§ SOURCE DATA:
lemma matrix_eq_on_eigenbasis:
  fixes A B M :: "complex^'n^'n" and lam :: "'n \<Rightarrow> complex"
  assumes "inj lam" "\<And>k. v k \<noteq> 0" "\<And>k. M *v v k = lam k *s v k"
    and agree: "\<And>k. A *v v k = B *v v k"
  shows "A = B"
proof -
  have span: "UNIV \<subseteq> vec.span (range v)"
  proof (rule vec.card_ge_dim_independent)
    show "vec.independent (range v)"
      by (rule eigenvectors_independent[OF assms(1-3)])
    show "vec.dim (UNIV :: (complex^'n) set) \<le> card (range v)"
      using card_image[OF eigenvectors_inj[OF assms(1-3)]] by (simp add: card_cart_basis)
  qed simp
  show ?thesis
  proof (rule iffD2[OF matrix_eq], rule allI)
    fix x
    show "A *v x = B *v x"
      by (rule vec.linear_eq_on[OF matrix_vector_mul_linear_gen matrix_vector_mul_linear_gen, of x "range v"])
         (use span agree in auto)
  qed
qed

theorem mainTheorem1:
  fixes M :: "complex^'n^'n" and lam :: "'n::finite \<Rightarrow> complex" and t :: complex
  assumes distinct: "inj lam"
    and eigen: "\<And>k. \<exists>v. v \<noteq> 0 \<and> M *v v = lam k *s v"
  shows "mat_exp (cmat_scale (\<i> * t) M)
         = (\<Sum>n = 0..CARD('n) - 1. cmat_scale (E_coeff lam n t) (matpow M n))"
proof -
  obtain v where nonzero: "\<And>k. v k \<noteq> 0" and eig: "\<And>k. M *v v k = lam k *s v k"
    using eigen by metis
  have "mat_exp (cmat_scale (\<i> * t) M) *v v k
      = (\<Sum>n = 0..CARD('n) - 1. cmat_scale (E_coeff lam n t) (matpow M n)) *v v k" for k
  proof -
    have "cmat_scale (\<i> * t) M *v v k = (\<i> * lam k * t) *s v k"
      by (simp add: cmat_scale_mult_vec eig vector_smult_assoc mult_ac)
    then have "mat_exp (cmat_scale (\<i> * t) M) *v v k = exp (\<i> * lam k * t) *s v k"
      by (rule mat_exp_eigenvector)
    also have "\<dots> = (\<Sum>n = 0..CARD('n) - 1. cmat_scale (E_coeff lam n t) (matpow M n)) *v v k"
      unfolding matrix_poly_eigenvector[OF eig] sum_E_coeff_mult_power[OF distinct] ..
    finally show ?thesis .
  qed
  then show ?thesis
    by (rule matrix_eq_on_eigenbasis[OF distinct nonzero eig])
qed

end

§ EXERCISE DETAILS:
Print only the lines from the top of the data above down to the line holding "(UNIV :: (complex^'n)", inclusive.

§ PROBLEM SOLUTION:
lemma matrix_eq_on_eigenbasis:
  fixes A B M :: "complex^'n^'n" and lam :: "'n \<Rightarrow> complex"
  assumes "inj lam" "\<And>k. v k \<noteq> 0" "\<And>k. M *v v k = lam k *s v k"
    and agree: "\<And>k. A *v v k = B *v v k"
  shows "A = B"
proof -
  have span: "UNIV \<subseteq> vec.span (range v)"
  proof (rule vec.card_ge_dim_independent)
    show "vec.independent (range v)"
      by (rule eigenvectors_independent[OF assms(1-3)])
    show "vec.dim (UNIV :: (complex^'n) set) \<le> card (range v)"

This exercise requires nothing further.